И бессознательно, с дико блуждающими глазами Адельгунда схватила маленькую фарфоровую тарелку, стоявшую на столе, протянула ее, как бы кому-то подавая, и отняла руку назад. Вдруг, представьте ужас присутствовавших, тарелка остановилась в воздухе никем не поддерживаемая и, покачавшись немного из стороны в сторону, осторожно опустилась на стол! Полковница с дочерью упали без чувств, а когда очнулись, то оказались в жестокой нервной горячке. Полковник успел в тот вечер овладеть собой, но расстроившееся с этого времени крепкое его здоровье ясно показало, как глубоко подействовал и на него этот странный, необъяснимый феномен.

Старуха француженка упала ничком и могла только бормотать молитву. Она и Адельгунда одни пережили этот вечер без последствий. Полковница не выдержала болезни и умерла. Августа же перенесла болезнь, но, кажется, лучше было бы пожелать смерти и ей. Представьте, что эта прелестная, как я описывал, девушка сошла с ума на самой ужасной, какую только можно представить себе мысли, вообразив, что она — именно то самое привидение, которое пугало Адельгунду! Она от всех бегает, прячется, не говорит ни слова ни с кем и едва смеет дышать, твердо уверенная, что никто не может вынести ее вида и всякий немедленно умрет, если заметит ее присутствие тем или иным образом. Ей отворяют двери, приносят еду так, чтобы она этого не заметила, и немедленно уходят прочь, чтобы дать ей хоть минуту покоя, потому что иначе она начинает метаться из стороны в сторону и не возьмет в рот ни одного куска. Можно ли вообразить положение ужаснее?

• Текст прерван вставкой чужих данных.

lemma quat_inverse_mult:
  assumes "(q::quat) \<noteq> 0"
  shows "inverse q * q = 1" and "q * inverse q = 1"
proof -
  have "qnorm2 q \<noteq> 0" using assms by (simp add: qnorm2_eq_0_iff)
  then have norm_inverse: "of_real (inverse (qnorm2 q)) * of_real (qnorm2 q) = (1::quat)"
    by (simp flip: of_real_mult)
  show "inverse q * q = 1"
    unfolding inverse_quat_eq mult.assoc qcnj_mult_self norm_inverse ..
  show "q * inverse q = 1"
    unfolding inverse_quat_eq mult.assoc[symmetric] of_real_mult_commute
    unfolding mult.assoc mult_qcnj_self norm_inverse ..
qed

lemma qcnj_add: "qcnj (x + y) = qcnj x + qcnj y"
  by (intro quat_eqI) (simp_all add: qcnj_def)

lemma qcnj_zero: "qcnj 0 = 0"
  by (intro quat_eqI) (simp_all add: qcnj_def)

lemma qcnj_mult_of_real: "qcnj (x * of_real t) = qcnj x * of_real t"
  by (intro quat_eqI) (simp_all add: qcnj_def quat_mult_components)

lemma qcnj_sum: "qcnj (\<Sum>k\<in>A. f k) = (\<Sum>k\<in>A. qcnj (f k))"
  using sum_comp_morphism[of qcnj f A, OF qcnj_zero qcnj_add] by (simp add: o_def)

lemma qRe_qIm [simp]: "qRe (qIm q) = 0"
  by (simp add: qIm_def)

lemma pure_quat_square:
  assumes "qRe q = 0"
  shows "q * q = - of_real (qnorm2 q)"
  using assms
  by (intro quat_eqI) (simp_all add: quat_mult_components qnorm2_def power2_eq_square)
lemma witness_family_aff_indep:
  assumes T: "1 \<le> T" "T \<le> k" and V: "V \<noteq> 0"
    and j: "inj_on j {1..k - T}" "j ` {1..k - T} \<subseteq> {1..T}"
    and diag: "\<And>a. a \<in> {2..T} \<Longrightarrow> snd (r a) a \<noteq> snd (r a) (a - 1)"
    and tri: "\<And>a m. a \<in> {2..T} \<Longrightarrow> m \<in> {2..T} \<Longrightarrow> a < m \<Longrightarrow> snd (r a) m = snd (r a) (m - 1)"
  shows "aff_indep k (witness_family T Cb V r j)"
  unfolding aff_indep_def
proof (rule allI, rule impI)
  fix c :: "nat \<Rightarrow> real"
  let ?q = "witness_family T Cb V r j"
  assume h: "(\<Sum>i\<le>k. c i) = 0 \<and>
    (\<forall>t. (\<Sum>i\<le>k. c i * fst (?q i) t) = 0 \<and> (\<Sum>i\<le>k. c i * snd (?q i) t) = 0)"
  have row_zero: "c a = 0" if "a \<in> {2..T}" for a
    by (rule witness_family_rows_zero[OF T diag tri _ that]) (use h in blast)+
  have q_dip: "?q i = dip_pt T Cb V (j (i - T))" if "i \<in> {T<..k}" for i
    using that T by (simp add: witness_family_def)
  have reduced: "(\<Sum>i\<le>k. c i * f i) = c 0 * f 0 + c 1 * f 1 + (\<Sum>i\<in>{T<..k}. c i * f i)" for f
    using row_zero unfolding sum_atMost_split_witness[OF T] by simp
  have dips_y: "c 0 + (\<Sum>i\<in>{T<..k}. c i) = 0"
    using h[THEN conjunct2, rule_format, of 1] q_dip T
    unfolding reduced by (simp add: witness_family_def block_pt_def dip_pt_def)
  have c1: "c 1 = 0" using h dips_y unfolding reduced[of "\<lambda>_. 1", simplified] by simp
  have dip_zero: "c i0 = 0" if i0: "i0 \<in> {T<..k}" for i0
  proof -
    have "i0 - T \<in> {1..k - T}" using i0 by auto
    then have "j (i0 - T) \<in> {1..T}" using j(2) by blast
    have "(\<Sum>i\<in>{T<..k}. c i * fst (?q i) (j (i0 - T))) = (\<Sum>i\<in>{T<..k}. c i * Cb - (if i = i0 then c i0 * V else 0))"
      using witness_family_dip_value[OF j i0] by (intro sum.cong refl) (simp add: right_diff_distrib)
    also have "\<dots> = (\<Sum>i\<in>{T<..k}. c i * Cb) - c i0 * V" using i0 by (simp add: sum_subtractf)
    finally have "(\<Sum>i\<in>{T<..k}. c i * fst (?q i) (j (i0 - T))) = (\<Sum>i\<in>{T<..k}. c i * Cb) - c i0 * V" .
    moreover have "(\<Sum>i\<le>k. c i * fst (?q i) (j (i0 - T))) = 0" using h by blast
    moreover have "fst (?q 0) (j (i0 - T)) = Cb" "fst (?q 1) (j (i0 - T)) = 0"
      using \<open>j (i0 - T) \<in> {1..T}\<close> by (simp_all add: witness_family_def block_pt_def)
    ultimately have "c 0 * Cb + ((\<Sum>i\<in>{T<..k}. c i * Cb) - c i0 * V) = 0"
      unfolding reduced by simp
    moreover have "c 0 * Cb + (\<Sum>i\<in>{T<..k}. c i * Cb) = 0"
      using dips_y by (simp add: sum_distrib_right[symmetric] distrib_right[symmetric])
    ultimately have "c i0 * V = 0" by linarith
    then show ?thesis using V by simp
  qed
  have c0: "c 0 = 0" using dips_y dip_zero by simp
  show "\<forall>i\<le>k. c i = 0"
  proof (intro allI impI)
    fix i assume "i \<le> k"
    then consider "i = 0" | "i = 1" | "i \<in> {2..T}" | "i \<in> {T<..k}" by fastforce
    then show "c i = 0" using c0 c1 row_zero dip_zero by cases auto
  qed
qed
text \<open>For \<open>q = 1\<close> the remainder vanishes only when Cauchy--Schwarz is tight for \<open>a\<close> and \<open>a + v\<close>.\<close>
lemma bregman_norm_powr_1_eq_0_imp_parallel:
  fixes a v :: "'a::real_inner"
  assumes a: "a \<noteq> 0" and v: "v \<noteq> 0" and gap: "bregman_norm_powr 1 a v = 0"
  shows "\<exists>c. a = c *\<^sub>R v"
proof -
  define b where "b = a + v"
  have "norm b - norm a - a \<bullet> v / norm a = 0"
    using gap by (simp add: bregman_norm_powr_def b_def powr_minus divide_inverse mult.commute)
  then have "norm a * norm b = norm a * norm a + a \<bullet> v"
    using a by (simp add: field_simps)
  also have "\<dots> = a \<bullet> b" by (simp add: b_def inner_add_right dot_square_norm power2_eq_square)
  finally have "norm a *\<^sub>R b = norm b *\<^sub>R a" using norm_cauchy_schwarz_eq by metis
  then have e: "norm a *\<^sub>R v = (norm b - norm a) *\<^sub>R a" by (simp add: b_def algebra_simps)
  then have nb: "norm b - norm a \<noteq> 0" using a v by auto
  have "a = (1 / (norm b - norm a)) *\<^sub>R ((norm b - norm a) *\<^sub>R a)" using nb by simp
  also have "\<dots> = (norm a / (norm b - norm a)) *\<^sub>R v" by (simp flip: e)
  finally show ?thesis ..
qed

definition weight :: "(nat \<Rightarrow> 'a::euclidean_space) \<Rightarrow> (nat \<Rightarrow> real) \<Rightarrow> real \<Rightarrow> nat \<Rightarrow> 'a \<Rightarrow> real" where
  "weight x \<eta> q i y = \<eta> i powr q * norm (y - x i) powr (q - 2)"

text \<open>\<open>pull I x \<eta> q k (x k)\<close> is \<open>-1/q\<close> times the gradient at \<open>x\<^sub>k\<close> of \<open>C\<^sub>q\<close> without its \<open>k\<close>-th term.\<close>
definition pull :: "nat set \<Rightarrow> (nat \<Rightarrow> 'a::euclidean_space) \<Rightarrow> (nat \<Rightarrow> real) \<Rightarrow> real \<Rightarrow> nat \<Rightarrow> 'a \<Rightarrow> 'a" where
  "pull I x \<eta> q k y = (\<Sum>i\<in>I - {k}. weight x \<eta> q i y *\<^sub>R (x i - x k))"
text \<open>A harmonic function vanishing at both ends vanishes: its increments form a geometric
  sequence with ratio q/p, and they add up to zero over [0, N].\<close>

lemma harmonic_zero_boundary:
  assumes harmonic: "\<And>j. 0 < j \<Longrightarrow> j < N \<Longrightarrow> E j = p * E (Suc j) + q * E (j - 1)"
    and "E 0 = 0" and "E N = 0" and "j \<le> N"
  shows "E j = 0"
proof -
  have increment: "E (Suc k) - E k = (q / p) ^ k * E 1" if "k < N" for k
    using that
  proof (induction k)
    case (Suc k)
    have "(p + q) * E (Suc k) = p * E (Suc (Suc k)) + q * E k"
      using harmonic[of "Suc k"] Suc.prems p_plus_q by simp
    then have "p * (E (Suc (Suc k)) - E (Suc k)) = q * (E (Suc k) - E k)"
      by (simp add: algebra_simps)
    then have "E (Suc (Suc k)) - E (Suc k) = q / p * (E (Suc k) - E k)"
      using p_pos by (simp add: field_simps)
    then show ?case using Suc by simp
  qed (simp add: \<open>E 0 = 0\<close>)
  have partial: "E k = E 1 * (\<Sum>i<k. (q / p) ^ i)" if "k \<le> N" for k
    using that
  proof (induction k)
    case (Suc k)
    then show ?case using increment[of k] by (simp add: algebra_simps)
  qed (simp add: \<open>E 0 = 0\<close>)
  have "0 < (\<Sum>i<N. (q / p) ^ i)"
    using N_pos p_pos q_pos by (intro sum_pos) auto
  then have "E 1 = 0"
    using partial[of N] \<open>E N = 0\<close> by simp
  then show ?thesis
    using partial[OF \<open>j \<le> N\<close>] by simp
qed

lemma win_weight_sums:
  assumes "j \<le> N"
  shows "(\<lambda>n. win_weight n j) sums win_prob j"
proof -
  define L where "L k = (\<Sum>n. win_weight n k)" for k
  have L_sums: "(\<lambda>n. win_weight n k) sums L k" for k
    unfolding L_def by (rule summable_sums[OF summable_win_weight])
  have L_harmonic: "L k = p * L (Suc k) + q * L (k - 1)" if "0 < k" "k < N" for k
  proof -
    have "(\<lambda>n. win_weight (Suc n) k) sums (p * L (Suc k) + q * L (k - 1))"
      using that by (simp add: win_weight_Suc) (intro sums_add sums_mult L_sums)
    then have "(\<lambda>n. win_weight n k) sums (p * L (Suc k) + q * L (k - 1))"
      using sums_Suc_iff[of "\<lambda>n. win_weight n k"] that by (simp add: win_weight_0)
    then show ?thesis
      using L_sums sums_unique2 by blast
  qed
  have "L 0 = 0"
    unfolding L_def by (simp add: win_weight_at_0)
  have "(\<lambda>n. win_weight (Suc n) N) sums 0"
    by (simp add: win_weight_Suc)
  then have "(\<lambda>n. win_weight n N) sums 1"
    using sums_Suc_iff[of "\<lambda>n. win_weight n N"] by (simp add: win_weight_0)
  then have "L N = 1"
    using L_sums sums_unique2 by blast
  have "L k - win_prob k = 0" if "k \<le> N" for k
  proof (rule harmonic_zero_boundary[OF _ _ _ that])
    fix i assume "0 < i" "i < N"
    then show "L i - win_prob i =
        p * (L (Suc i) - win_prob (Suc i)) + q * (L (i - 1) - win_prob (i - 1))"
      using L_harmonic[of i] win_prob_harmonic[of i] by (simp add: algebra_simps)
  qed (simp_all add: \<open>L 0 = 0\<close> \<open>L N = 1\<close> win_prob_0 win_prob_N)
  then show ?thesis
    using L_sums[of j] assms by simp
qed

lemma win_weight_two_below_eq_0:
  assumes "j + 2 = N" and "n \<notin> range (\<lambda>s. 2 * s + 2)"
  shows "win_weight n j = 0"
proof -
  have "winning_paths N n j = {}"
  proof (rule ccontr)
    assume "winning_paths N n j \<noteq> {}"
    then obtain l where "l \<in> winning_paths N n j" by blast
    from winning_path_counts[OF this] have "n = 2 * length (filter Not l) + 2"
      using assms(1) unfolding disp_def by linarith
    with assms(2) show False by blast
  qed
  then show ?thesis by (simp add: win_weight_def)
qed

lemma win_weight_two_below_double:
  assumes "j + 2 = N"
  shows "win_weight (2 * s + 2) j = card (winning_paths N (2 * s + 2) j) * p ^ (s + 2) * q ^ s"
proof -
  have "p ^ length (filter id l) * q ^ length (filter Not l) = p ^ (s + 2) * q ^ s"
    if "l \<in> winning_paths N (2 * s + 2) j" for l
  proof -
    from winning_path_counts[OF that] have
      "length (filter id l) = s + 2" "length (filter Not l) = s"
      using assms unfolding disp_def by linarith+
    then show ?thesis by simp
  qed
  then show ?thesis by (simp add: win_weight_def)
qed

end

lemma F_generating_function:
  assumes "0 < q" and "q < p" and "p + q = 1"
  shows "(\<lambda>s. real (F d s) * (p * q) ^ s) sums
           ((1 - (q / p) ^ d) / (1 - (q / p) ^ (d + 2)) / p\<^sup>2)"
proof -
  interpret gamblers_ruin p q "d + 2"
    using assms by unfold_locales simp_all
  have "(\<lambda>n. win_weight n d) sums win_prob d"
    by (rule win_weight_sums) simp
  moreover have "strict_mono (\<lambda>s::nat. 2 * s + 2)"
    by (rule strict_monoI) simp
  ultimately have "(\<lambda>s. win_weight (2 * s + 2) d) sums win_prob d"
    using sums_mono_reindex[of "\<lambda>s. 2 * s + 2" "\<lambda>n. win_weight n d"] win_weight_two_below_eq_0[of d]
    by simp
  then have "(\<lambda>s. win_weight (2 * s + 2) d / p\<^sup>2) sums (win_prob d / p\<^sup>2)"
    by (rule sums_divide)
  moreover have "win_weight (2 * s + 2) d / p\<^sup>2 = real (F d s) * (p * q) ^ s" for s
  proof -
    have "p ^ (s + 2) * q ^ s / p\<^sup>2 = (p * q) ^ s"
      using p_pos by (simp add: power_add power_mult_distrib power2_eq_square)
    then show ?thesis
      unfolding win_weight_two_below_double[OF refl] F_eq_card_winning_paths
      by (metis mult.assoc times_divide_eq_right)
  qed
  ultimately show ?thesis
    unfolding win_prob_def by simp
qed

lemma gamblers_ruin_closed_form:
  fixes \<alpha> :: real and d :: nat
  assumes "0 < \<alpha>" and "\<alpha> < 1 / 2"
  defines "r \<equiv> \<alpha> / (1 - \<alpha>)"
  shows "(1 - r ^ d) / (1 - r ^ (d + 2)) / (1 - \<alpha>)\<^sup>2 =
      (1 / \<alpha>\<^sup>2) * (1 - (1 - 2 * \<alpha>) / ((1 - \<alpha>)\<^sup>2 * (1 - r ^ (d + 2))))"
proof -
  have "0 \<le> r" "r < 1" using assms by (simp_all add: r_def)
  define D where "D = (1 - \<alpha>)\<^sup>2 * (1 - r ^ (d + 2))"
  have "D \<noteq> 0"
    using \<open>r < 1\<close> \<open>0 \<le> r\<close> power_less_one_iff[of r "d + 2"] assms(2) by (simp add: D_def)
  have "(1 - \<alpha>)\<^sup>2 * r\<^sup>2 = \<alpha>\<^sup>2"
    using assms(2) by (simp add: r_def power_divide)
  then have "(1 - \<alpha>)\<^sup>2 * r ^ (d + 2) = \<alpha>\<^sup>2 * r ^ d"
    by (metis mult.assoc mult.commute power_add)
  then have "D = (1 - \<alpha>)\<^sup>2 - \<alpha>\<^sup>2 * r ^ d"
    by (simp add: D_def right_diff_distrib)
  then have "D - (1 - 2 * \<alpha>) = \<alpha>\<^sup>2 * (1 - r ^ d)"
    by (simp add: power2_eq_square algebra_simps)
  moreover have "1 - (1 - 2 * \<alpha>) / D = (D - (1 - 2 * \<alpha>)) / D"
    using \<open>D \<noteq> 0\<close> by (simp add: diff_divide_distrib)
  ultimately show ?thesis
    using \<open>0 < \<alpha>\<close> by (simp add: D_def)
qed

theorem lemma4:
  fixes d :: nat and \<alpha> :: real
  assumes "d \<ge> 1" and "0 < \<alpha>" and "\<alpha> < 1/2"
  shows "(\<lambda>s. real (F d s) * (\<alpha> * (1 - \<alpha>)) ^ s) sums
           ((1 / \<alpha>\<^sup>2) * (1 - (1 - 2 * \<alpha>) /
              ((1 - \<alpha>)\<^sup>2 * (1 - (\<alpha> / (1 - \<alpha>)) ^ (d + 2)))))"
proof -
  have "(\<lambda>s. real (F d s) * ((1 - \<alpha>) * \<alpha>) ^ s) sums
          ((1 - (\<alpha> / (1 - \<alpha>)) ^ d) / (1 - (\<alpha> / (1 - \<alpha>)) ^ (d + 2)) / (1 - \<alpha>)\<^sup>2)"
    using assms by (intro F_generating_function) auto
  then show ?thesis
    using gamblers_ruin_closed_form[OF \<open>0 < \<alpha>\<close> \<open>\<alpha> < 1/2\<close>] by (simp add: mult.commute)
qed

end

Полковник, с отчаяния поступивший опять на военную службу, отправился в поход — и был убит в победоносной битве при В***. Но что всего замечательнее, так это то, что Адельгунда совершенно излечилась после этого несчастного вечера от своей болезни. Призрак ей больше не являлся. С редкой самоотверженностью ухаживает она за больной сестрой, и француженка ей в этом помогает. Сильвестр, рассказавший мне все это, прибавил, что на днях прибыл сюда дядя несчастной девушки, чтобы посоветоваться с нашим известным Р*** о том, какой курс лечения следовало ей применить. Дай Бог, чтобы удалось их доброе, но крайне сомнительное предприятие.

Примечания

1

Ах, какая фатальность! Ах, милый! Ах, бедняжка! (итал.).